lemma normal_cfacet: "i \<in> {1..7} \<Longrightarrow> normal (polytope_of e) (cfacet e i) = e i"
  using P0_not_in_hyperplane facets_P0 unit_normals
  by (intro normal_eqI) (auto simp: is_facet_def supports_def halfspace_def polytope_of_def cfacet_def)

lemma dihedral_of_types:
  assumes i: "i \<in> {1..7}" and j: "j \<in> {1..7}" and "i \<noteq> j"
    and G: "is_facet (P n) G" and K: "is_facet (P n) K"
    and "of_type e P F n G i" "of_type e P F n K j" and "x \<in> G \<inter> K"
  shows "dihedral (P n) G K = dihedral (polytope_of e) (cfacet e i) (cfacet e j)"
    and "cfacet e i \<inter> cfacet e j \<noteq> {}"
proof -
  obtain g where g: "g \<in> tiles P F n" "g ` cfacet e i \<subseteq> G" "x \<in> g ` cfacet e i"
    using of_type_tile assms by blast
  obtain h where h: "h \<in> tiles P F n" "h ` cfacet e j \<subseteq> K" "x \<in> h ` cfacet e j"
    using of_type_tile assms by blast
  have "normal (P n) G = g (e i)" "normal (P n) K = h (e j)"
    using normal_eq_tile_normal G K g h i j by blast+
  moreover have "\<forall>y\<in>P n. mink y (normal (P n) G) \<le> 0" "\<forall>y\<in>P n. mink y (normal (P n) K) \<le> 0"
    using supports_normal[OF P_not_in_hyperplane] G K by (auto simp: supports_def halfspace_def)
  ultimately have "mink (normal (P n) G) (normal (P n) K) = mink (e i) (e j)"
    and "cfacet e i \<inter> cfacet e j \<noteq> {}"
    using tile_walls_gram[OF g(1) h(1) i j \<open>i \<noteq> j\<close> g(3) h(3)] by auto
  then show "dihedral (P n) G K = dihedral (polytope_of e) (cfacet e i) (cfacet e j)"
    and "cfacet e i \<inter> cfacet e j \<noteq> {}"
    by (simp_all add: dihedral_def normal_cfacet[OF i] normal_cfacet[OF j])
qed

end

lemma cox_gram_nonpos: "i \<noteq> j \<Longrightarrow> cox_gram i j \<le> 0"
  using cos_ge_zero[of "pi / 4"] cos_ge_zero[of "pi / 6"] by (simp add: cox_gram_def)

lemma cox_gram_1_3: "cox_gram 1 3 = 0"
  by (simp add: cox_gram_def doubleton_eq_iff)

theorem proposition3p12:
  fixes e :: "nat \<Rightarrow> real^5"
    and P :: "nat \<Rightarrow> (real^5) set"
    and F :: "nat \<Rightarrow> (real^5) set"
  assumes gram: "\<forall>i\<in>{1..7}. \<forall>j\<in>{1..7}. mink (e i) (e j) = cox_gram i j"
    and facets0: "\<forall>i\<in>{1..7}. is_facet (polytope_of e) (cfacet e i)"
    and P0: "P 0 = polytope_of e"
    and step: "\<forall>n. is_facet (P n) (F n) \<and> \<not> compact (F n) \<and> admissible (P n) (F n)
                    \<and> P (Suc n) = P n \<union> hrefl (normal (P n) (F n)) ` P n"
  shows "\<forall>n i j G K. i \<in> {1..7} \<and> j \<in> {1..7} \<and> i \<noteq> j
           \<and> is_facet (P n) G \<and> is_facet (P n) K
           \<and> of_type e P F n G i \<and> of_type e P F n K j \<and> G \<inter> K \<noteq> {}
           \<longrightarrow> dihedral (P n) G K = dihedral (polytope_of e) (cfacet e i) (cfacet e j)
               \<and> cfacet e i \<inter> cfacet e j \<noteq> {}"
proof -
  have unit: "mink (e i) (e i) = 1" if "i \<in> {1..7}" for i
    using gram that by (simp add: cox_gram_def)
  have facet_perp: "\<forall>y\<in>cfacet e i. mink y (e i) = 0" for i
    by (simp add: cfacet_def hplane_def)
  have "mink (e 1) (e 3) = 0"
    using gram cox_gram_1_3 by simp
  then have "\<not> lies_in_hyperplane (polytope_of e)"
    using facets0 unit facet_perp
    by (intro not_lies_in_hyperplane_if_orthogonal_facets[of "cfacet e 1" _ "cfacet e 3"])
       (auto simp: is_facet_def cfacet_def)
  moreover have "mink (e i) (e j) \<le> 0" if "i \<in> {1..7}" "j \<in> {1..7}" "i \<noteq> j" for i j
    using gram that cox_gram_nonpos by simp
  ultimately interpret reflection_sequence e P F
    using unit facets0 P0 step by unfold_locales simp_all
  show ?thesis
    using dihedral_of_types by blast
qed

end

————

> _TASK INSTRUCTIONS_:
When you reach the line with "obtain g where" in the records above, start writing out lines exactly, and stop once the line with "(P n) G) \<le>" has been written; include nothing else.

> _OUTPUT_:
  obtain g where g: "g \<in> tiles P F n" "g ` cfacet e i \<subseteq> G" "x \<in> g ` cfacet e i"
    using of_type_tile assms by blast
  obtain h where h: "h \<in> tiles P F n" "h ` cfacet e j \<subseteq> K" "x \<in> h ` cfacet e j"
    using of_type_tile assms by blast
  have "normal (P n) G = g (e i)" "normal (P n) K = h (e j)"
    using normal_eq_tile_normal G K g h i j by blast+
  moreover have "\<forall>y\<in>P n. mink y (normal (P n) G) \<le> 0" "\<forall>y\<in>P n. mink y (normal (P n) K) \<le> 0"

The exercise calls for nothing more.